Speaking of a lack of apps, you just have to bring up Research In Motion's (RIM) PlayBook. When RIM launched PlayBook, it did not even have an app for Twitter, Facebook or, god help us, "Angry Birds". Nor did it support email, contacts and calendar apps. People didn't like the fact that they couldn't pull the PlayBook out of its box and start playing with it, and it didn't sell.
Dell's Streak 7, on the other hand, ran on Android, with dual core processing, 4G compatibility, Flash support and both front and rear cameras. It seemed promising - especially at its low $200 price point. But it was a flop, too. Users complained of software glitches and a low-quality display. Clearly, the company worked too hard on making Streak affordable, and forgot about usability.
Motorola Xoom held a lot of promise as well. It was powered by Google's Honeycomb OS, and had 4G LTE connectivity. Motorola called it the "iPad killer." It proved be a very lame assassination attempt for one simple reason: The 4G LTE connectivity wasn't available in the off-the-shelf product, which meant that users had to mail their tablets back for an upgrade. That didn't exactly say "cool" or "high tech." But what really killed the so-called "iPad killer" before it even bared its teeth was the price of the thing. No one wanted to pay $800 for what was essentially an iPad alternative when the iPad itself was selling for $499. The result? Xoom did not even ship enough units in the first quarter to make 10 percent of iPad's quarterly sales of 10 million units. (Learn about some other tech company failures in 4 Top Tech Companies that Failed, Survived (and Even Thrived).)
What Consumers WantCan these early tablet failures serve as a lesson to manufacturers? We think so. Here are a few things we hope they've learned.
- Consumers Want a More Affordable Tablet
The iPad is the industry leader and if Apple can give its customers a tablet for less than $500, there's no reason why other tablets can't compete at a lower price point. Case in point is Amazon’s Kindle, which sells for $199. It may not have the full functionality of the iPad, but it is a resounding success as far as price is concerned because it presents an affordable alternative - and one with good features and functionality.
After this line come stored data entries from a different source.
(* Let $\mathcal{X}\subseteq\mathbb{R}^D$ be compact with $\lambda_D(\mathcal{X})>0$, and let $f$ be Lipschitz continuous with respect to the metrics induced by $\|\cdot\|_{\mathcal{Y}}$ and $\|\cdot\|_{\mathcal{X}_0}$. For a fixed architecture $\{N_l\}_{l=1}^L$, the function $p$ is integrable on $\bar{\mathcal{X}}=\mathcal{X}^{2\bar N}$ and $\int_{\bar{\mathcal{X}}}p\,d\lambda_{\bar D}=1$; consequently $P$ is a valid probability distribution.
   Context: $\lambda_k$ denotes $k$-dimensional Lebesgue measure. $f\colon\mathbb{R}^D\to\mathbb{R}^{N_{L+1}}$; $\|\cdot\|_{\mathcal{X}_0}$ is a norm on $\mathbb{R}^D$, $\|\cdot\|_{\mathcal{Y}}$ a norm on $\mathbb{R}^{N_{L+1}}$, and $\|\cdot\|_{\mathcal{X}_{l-1}}$ a norm on $\mathbb{R}^{N_{l-1}}$ for $l=2,\dots,L$. Let $\bar N=\sum_{l=1}^LN_l$, $\bar N_l=\sum_{k=1}^lN_k$ ($\bar N_0=0$), $\bar D=2\bar ND$, $\bar{\mathcal{X}}=\mathcal{X}^{2\bar N}$. Sampled network: fix an activation $\phi$ (continuous) and constants $s_1,s_2$; given pairs of points in $\mathcal{X}$ for layers $1,\dots,l-1$, the network $\Phi^{(0)}(x)=x$, $\Phi^{(k)}(x)=\phi(W_k\Phi^{(k-1)}(x)-b_k)$ has rows $w_{k,i}=s_1\frac{x^{(2)}_{k-1,i}-x^{(1)}_{k-1,i}}{\|x^{(2)}_{k-1,i}-x^{(1)}_{k-1,i}\|^2}$ and biases $b_{k,i}=\langle w_{k,i},x^{(1)}_{k-1,i}\rangle+s_2$, where $x^{(j)}_{k-1,i}=\Phi^{(k-1)}(x^{(j)}_{0,i})$ for the $i$-th pair $(x^{(1)}_{0,i},x^{(2)}_{0,i})$ of layer $k$. Layer densities: for $l=1,\dots,L$, with $\epsilon_1=0$ and $\epsilon_l=\epsilon>0$ for $l\ge2$, given the set $X_{l-1}$ of the $2\bar N_{l-1}$ points of the earlier layers (defining $\Phi^{(l-1)}$), let $q_l(x^{(1)},x^{(2)}\mid X_{l-1})=\frac{\|f(x^{(2)})-f(x^{(1)})\|_{\mathcal{Y}}}{\max\{\|\Phi^{(l-1)}(x^{(2)})-\Phi^{(l-1)}(x^{(1)})\|_{\mathcal{X}_{l-1}},\epsilon_l\}}$ if $\Phi^{(l-1)}(x^{(1)})\neq\Phi^{(l-1)}(x^{(2)})$ and $0$ otherwise, for $x^{(1)},x^{(2)}\in\mathcal{X}$; $C_l=\int_{\mathcal{X}\times\mathcal{X}}q_l\,d\lambda_{2D}$; $p_l=q_l/C_l$ if $C_l>0$, else $p_l=1/\lambda_{2D}(\mathcal{X}\times\mathcal{X})$. Joint density: ordering all points as $x^{(1)}_1,x^{(2)}_1,\dots,x^{(1)}_{\bar N},x^{(2)}_{\bar N}$, set $p=\prod_{l=1}^L\prod_{i=1}^{N_l}p_l(x^{(1)}_{\bar N_{l-1}+i},x^{(2)}_{\bar N_{l-1}+i}\mid X_{l-1})$, with $X_{l-1}$ the points of layers $1,\dots,l-1$; $P$ is the measure on $\bar{\mathcal{X}}$ with density $p$. *)

theory Defs
  imports "HOL-Analysis.Analysis" "HOL-Probability.Probability"
begin

definition is_norm_on :: "'v::real_vector set \<Rightarrow> ('v \<Rightarrow> real) \<Rightarrow> bool" where
  "is_norm_on V n \<longleftrightarrow>
     (\<forall>x\<in>V. 0 \<le> n x \<and> (n x = 0 \<longleftrightarrow> x = 0)) \<and>
     (\<forall>x\<in>V. \<forall>y\<in>V. n (x + y) \<le> n x + n y) \<and>
     (\<forall>c. \<forall>x\<in>V. n (c *\<^sub>R x) = \<bar>c\<bar> * n x)"

text \<open>Hidden-layer vectors in R^n are represented as functions nat => real vanishing from index n on.
  A norm on R^n in this representation:\<close>
definition is_norm_fin :: "nat \<Rightarrow> ((nat \<Rightarrow> real) \<Rightarrow> real) \<Rightarrow> bool" where
  "is_norm_fin n nrm \<longleftrightarrow>
     (let V = {v :: nat \<Rightarrow> real. \<forall>j\<ge>n. v j = 0} in
     (\<forall>x\<in>V. 0 \<le> nrm x \<and> (nrm x = 0 \<longleftrightarrow> x = (\<lambda>_. 0))) \<and>
     (\<forall>x\<in>V. \<forall>y\<in>V. nrm (\<lambda>j. x j + y j) \<le> nrm x + nrm y) \<and>
     (\<forall>c. \<forall>x\<in>V. nrm (\<lambda>j. c * x j) = \<bar>c\<bar> * nrm x))"

definition Nb :: "(nat \<Rightarrow> nat) \<Rightarrow> nat \<Rightarrow> nat" where
  "Nb N l = (\<Sum>k\<in>{1..l}. N k)"

definition w_in :: "real \<Rightarrow> 'a::euclidean_space \<Rightarrow> 'a \<Rightarrow> 'a" where
  "w_in s1 a b = (s1 / (norm (b - a))\<^sup>2) *\<^sub>R (b - a)"

definition neuron_in :: "(real \<Rightarrow> real) \<Rightarrow> real \<Rightarrow> real \<Rightarrow> 'a::euclidean_space \<Rightarrow> 'a \<Rightarrow> 'a \<Rightarrow> real" where
  "neuron_in \<phi> s1 s2 a b x = \<phi> (inner (w_in s1 a b) x - (inner (w_in s1 a b) a + s2))"

definition dot_n :: "nat \<Rightarrow> (nat \<Rightarrow> real) \<Rightarrow> (nat \<Rightarrow> real) \<Rightarrow> real" where
  "dot_n n u v = (\<Sum>j<n. u j * v j)"

definition w_h :: "real \<Rightarrow> nat \<Rightarrow> (nat \<Rightarrow> real) \<Rightarrow> (nat \<Rightarrow> real) \<Rightarrow> nat \<Rightarrow> real" where
  "w_h s1 n u v = (\<lambda>j. s1 * (v j - u j) / (\<Sum>i<n. (v i - u i)\<^sup>2))"

definition neuron_h :: "(real \<Rightarrow> real) \<Rightarrow> real \<Rightarrow> real \<Rightarrow> nat \<Rightarrow> (nat \<Rightarrow> real) \<Rightarrow> (nat \<Rightarrow> real) \<Rightarrow> (nat \<Rightarrow> real) \<Rightarrow> real" where
  "neuron_h \<phi> s1 s2 n u v y = \<phi> (dot_n n (w_h s1 n u v) y - (dot_n n (w_h s1 n u v) u + s2))"

text \<open>Phi phi s1 s2 N xs k x = Phi^(k)(x) for k >= 1, where the i-th pair (0-based, global
  neuron index) is (xs (2 i), xs (2 i + 1)). The k = 0 clause is a dummy (Phi^(0) = id is
  handled separately, since it lives on the input type).\<close>
fun Phi :: "(real \<Rightarrow> real) \<Rightarrow> real \<Rightarrow> real \<Rightarrow> (nat \<Rightarrow> nat) \<Rightarrow> (nat \<Rightarrow> 'a::euclidean_space)
             \<Rightarrow> nat \<Rightarrow> 'a \<Rightarrow> nat \<Rightarrow> real" where
  "Phi \<phi> s1 s2 N xs 0 x = (\<lambda>_. 0)"
| "Phi \<phi> s1 s2 N xs (Suc 0) x =
     (\<lambda>i. if i < N 1 then neuron_in \<phi> s1 s2 (xs (2 * i)) (xs (2 * i + 1)) x else 0)"
| "Phi \<phi> s1 s2 N xs (Suc (Suc k)) x =
     (\<lambda>i. if i < N (Suc (Suc k)) then
            neuron_h \<phi> s1 s2 (N (Suc k))
              (Phi \<phi> s1 s2 N xs (Suc k) (xs (2 * (Nb N (Suc k) + i))))
              (Phi \<phi> s1 s2 N xs (Suc k) (xs (2 * (Nb N (Suc k) + i) + 1)))
              (Phi \<phi> s1 s2 N xs (Suc k) x)
          else 0)"

text \<open>Unnormalised layer density q_l(a,b | X_{l-1}); epsilon_1 = 0, epsilon_l = eps for l >= 2.
  nX k is the norm on R^(N k) (the space of layer k), nX0 the norm on the input space.\<close>
definition qdens :: "('a::euclidean_space \<Rightarrow> 'b::euclidean_space) \<Rightarrow> ('b \<Rightarrow> real) \<Rightarrow> ('a \<Rightarrow> real)
   \<Rightarrow> (nat \<Rightarrow> (nat \<Rightarrow> real) \<Rightarrow> real) \<Rightarrow> real \<Rightarrow> (real \<Rightarrow> real) \<Rightarrow> real \<Rightarrow> real \<Rightarrow> (nat \<Rightarrow> nat)
   \<Rightarrow> (nat \<Rightarrow> 'a) \<Rightarrow> nat \<Rightarrow> 'a \<Rightarrow> 'a \<Rightarrow> real" where
  "qdens f nY nX0 nX eps \<phi> s1 s2 N xs l a b =
     (if l = 1 then
        (if a \<noteq> b then nY (f b - f a) / max (nX0 (b - a)) 0 else 0)
      else
        (let u = Phi \<phi> s1 s2 N xs (l - 1) a; v = Phi \<phi> s1 s2 N xs (l - 1) b in
         if u \<noteq> v then nY (f b - f a) / max (nX (l - 1) (\<lambda>j. v j - u j)) eps else 0))"

definition Cconst :: "('a::euclidean_space \<Rightarrow> 'b::euclidean_space) \<Rightarrow> ('b \<Rightarrow> real) \<Rightarrow> ('a \<Rightarrow> real)
   \<Rightarrow> (nat \<Rightarrow> (nat \<Rightarrow> real) \<Rightarrow> real) \<Rightarrow> real \<Rightarrow> (real \<Rightarrow> real) \<Rightarrow> real \<Rightarrow> real \<Rightarrow> (nat \<Rightarrow> nat)
   \<Rightarrow> 'a set \<Rightarrow> (nat \<Rightarrow> 'a) \<Rightarrow> nat \<Rightarrow> ennreal" where
  "Cconst f nY nX0 nX eps \<phi> s1 s2 N X xs l =
     (\<integral>\<^sup>+ z \<in> X \<times> X. ennreal (qdens f nY nX0 nX eps \<phi> s1 s2 N xs l (fst z) (snd z)) \<partial>lborel)"

definition pdens :: "('a::euclidean_space \<Rightarrow> 'b::euclidean_space) \<Rightarrow> ('b \<Rightarrow> real) \<Rightarrow> ('a \<Rightarrow> real)
   \<Rightarrow> (nat \<Rightarrow> (nat \<Rightarrow> real) \<Rightarrow> real) \<Rightarrow> real \<Rightarrow> (real \<Rightarrow> real) \<Rightarrow> real \<Rightarrow> real \<Rightarrow> (nat \<Rightarrow> nat)
   \<Rightarrow> 'a set \<Rightarrow> (nat \<Rightarrow> 'a) \<Rightarrow> nat \<Rightarrow> 'a \<Rightarrow> 'a \<Rightarrow> real" where
  "pdens f nY nX0 nX eps \<phi> s1 s2 N X xs l a b =
     (if 0 < Cconst f nY nX0 nX eps \<phi> s1 s2 N X xs l
      then qdens f nY nX0 nX eps \<phi> s1 s2 N xs l a b / enn2real (Cconst f nY nX0 nX eps \<phi> s1 s2 N X xs l)
      else 1 / measure lborel (X \<times> X))"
- Consumers Want a Better Tablet Experience
Tablets sell because they are portable and mobile. Tablets that deliver a frustrating experience are missing the point, no matter how cheap they are. Some companies also seem to overlook how consumers will use the product. Watching movies and listening to music are key activities - that means a high-quality display and good sound quality are deal breakers.
- Consumers Want Tablets that Respect the Tablet Ecosystem
Tablets are basically useless without good apps. That means that the quality and availability of apps will dictate a tablet's success. No apps, no loyal customers.
It seems that some early tablet PC manufacturers assumed that size is everything. Consumers quickly proved them wrong. They didn't just want a small device, they wanted one that still packed a big punch in terms of functionality - and fun. As for pricing, well, it's hard not to feel sorry for companies who tried to capitalize on iPad envy. But while many consumers were willing to make some trade offs to get a cheaper tablet, most of these low-end competitors failed to capture the spirit of their higher-end competitors; they were slow, clunky and they didn't even pretend to be cool. However, as the tablet market continues to heat up, someone's bound to get it right, eventually. And with all the companies jumping on board, it may not even be Apple.